The stock market's rollercoaster ride continues! After a turbulent Friday, the Hang Seng Index (HSI) in Hong Kong bounced back on Monday, offering a glimmer of hope to investors. But here's where it gets controversial: some strategists believe this rebound might be short-lived, and the real story lies in the underlying tensions between the world's economic giants.
Let's dive into the details. On October 13, 2025, equity strategists highlighted the solid long-term fundamentals of the global stock market. They suggested that the recent sell-off in the US market, which saw the HSI open 656 points lower, was more of a temporary friction between the US and China rather than a full-blown trade war escalation. The HSI recovered some losses by the afternoon, closing at 25,889 points, a 1.5% tumble from the previous day's close.
The Hang Seng China Enterprises Index, a key indicator of Chinese mainland companies, also took a hit, falling 1.5% to 9,222 points. Meanwhile, the Hang Seng TECH Index, tracking Hong Kong's technology stocks, plummeted 1.8% to 6,145 points.
The catalyst for this market movement? US President Donald Trump's announcement on October 10, 2025, that the US would impose additional tariffs and export controls on Chinese products, effective November 1. This move was in response to China's tightened rare earths export controls and its perceived reluctance to purchase American soybeans.
This announcement sent shockwaves through global markets, causing a 2.7% slump in the S&P 500 Index, the sharpest one-day correction in six months. The Dow Jones Industrial Average and NASDAQ 100 Index also tumbled, shedding 1.9% and 3.5%, respectively.
But here's the intriguing part: some experts, like Wang Kai from Morningstar, believe this looming threat might be short-lived. Wang suggests that investors could use this opportunity to enter the Chinese stock market at more attractive prices. James Wang from UBS expects the market to avoid the lows of April 2025, citing increased investor interest, reduced uncertainty about global tariffs, and the significant rise in global equity markets since then.
Louisa Fok from Bank of Singapore's private banking arm, OCBC Bank, remains constructive in the medium term, citing earnings stabilization, improved return on equity, and the US Federal Reserve's rate cut cycle as benefits to HK and China's equity markets. Fok adds that the recent sharp rise in the HSI has pushed valuations to the higher end of the trading range, and better risk-reward accumulation opportunities may arise if valuations pull back.
Bank of Singapore reiterates a balanced approach, recommending quality yield stocks to cushion market volatility and selective growth stocks in investment themes focused on artificial intelligence, policy beneficiaries, and improved outlooks post-interim results. Value Partners Group, a global fund manager, is confident in the Hong Kong equity market's strong momentum, citing ample global liquidity and passive fund inflows.
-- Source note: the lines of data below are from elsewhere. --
lemma card_diagonal_double_root:
  assumes "char_poly a = 0"
  defines "D \<equiv> {x\<in>unit_points. triple_rel x x x}"
  shows "card D \<le> 1 \<or> D = unit_points"
proof -
  define \<kappa> where "\<kappa> = s 1 - a * s 0"
  have "\<kappa> \<noteq> 0"
    using root_initial_nonzero[OF assms(1)] by (simp add: \<kappa>_def)
  have Some_D: "Some t \<in> D \<longleftrightarrow> t \<noteq> a \<and> (a - t) * s 0 + 3 * \<kappa> = 0" for t
    by (auto simp: D_def \<kappa>_def unit_points_double_root[OF assms(1)] triple_rel_diagonal_double_root[OF assms(1)])
  have None_D: "None \<in> D \<longleftrightarrow> s 0 = 0"
    by (simp add: D_def unit_points_double_root[OF assms(1)] triple_rel_None_diagonal)
  consider "s 0 \<noteq> 0" | "s 0 = 0" "(3::'a) \<noteq> 0" | "s 0 = 0" "(3::'a) = 0"
    by blast
  then show ?thesis
  proof cases
    case 1
    have "D \<subseteq> {Some (a + 3 * \<kappa> / s 0)}"
    proof
      fix x assume "x \<in> D"
      with 1 show "x \<in> {Some (a + 3 * \<kappa> / s 0)}"
        by (cases x) (auto simp: Some_D None_D field_simps)
    qed
    then show ?thesis
      using card_mono[of "{Some (a + 3 * \<kappa> / s 0)}" D] by simp
  next
    case 2
    then have no_Some: "Some t \<notin> D" for t
      using \<open>\<kappa> \<noteq> 0\<close> by (simp add: Some_D)
    have "D \<subseteq> {None}"
    proof
      fix x assume "x \<in> D"
      then show "x \<in> {None}"
        using no_Some by (cases x) auto
    qed
    then show ?thesis
      using card_mono[of "{None}" D] by simp
  next
    case 3
    then have "x \<in> D" if "x \<in> unit_points" for x
      using that by (cases x) (simp_all add: Some_D None_D unit_points_double_root[OF assms(1)])
    then have "D = unit_points"
      by (auto simp: D_def)
    then show ?thesis ..
  qed
qed

lemma B_count_3_equation_recurrent:
  "\<exists>n e. 6 * B_count 3 V + 3 * n = n * n + 2 * e
     \<and> (n = CARD('a) + 1 \<and> e \<le> 3 \<or> n = CARD('a) \<and> (e \<le> 1 \<or> e = CARD('a)))"
proof -
  let ?D = "{x\<in>unit_points. triple_rel x x x}"
  have equation: "6 * B_count 3 V + 3 * card unit_points = card unit_points * card unit_points + 2 * card ?D"
  proof (rule B_count_3_via_relation[OF _ pairing_annihilator_eq_0_iff])
    show "symmetric_ternary_relation unit_points triple_rel"
      by unfold_locales (simp_all add: triple_rel_swap12 triple_rel_swap23 triple_rel_unique)
  qed
  show ?thesis
  proof (cases "\<exists>a. char_poly a = 0")
    case True
    then obtain a where a: "char_poly a = 0"
      by blast
    have "card unit_points = CARD('a)"
      by (simp add: unit_points_double_root[OF a] Compl_eq_Diff_UNIV card_Diff_subset)
    then show ?thesis
      using equation card_diagonal_double_root[OF a] by (metis (no_types, lifting))
  next
    case False
    then have "unit_points = UNIV"
      using not_unit_point by blast
    moreover have "card {x. triple_rel x x x} \<le> 3"
      using False card_diagonal_no_root by blast
    ultimately show ?thesis
      using equation by (intro exI[of _ "CARD('a) + 1"] exI[of _ "card ?D"]) simp
  qed
qed

end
Dah Sing Bank, in its market research report, highlights the potential for further interest rate cuts in the US, continued progress in China's AI sector, and continued southbound capital inflows as supportive factors for the Hong Kong stock market.
However, the report also cautions that mixed corporate earnings performance and revised downward earnings forecasts for Hang Seng Index constituent stocks could limit the HSI's upward momentum, given its overall market valuation.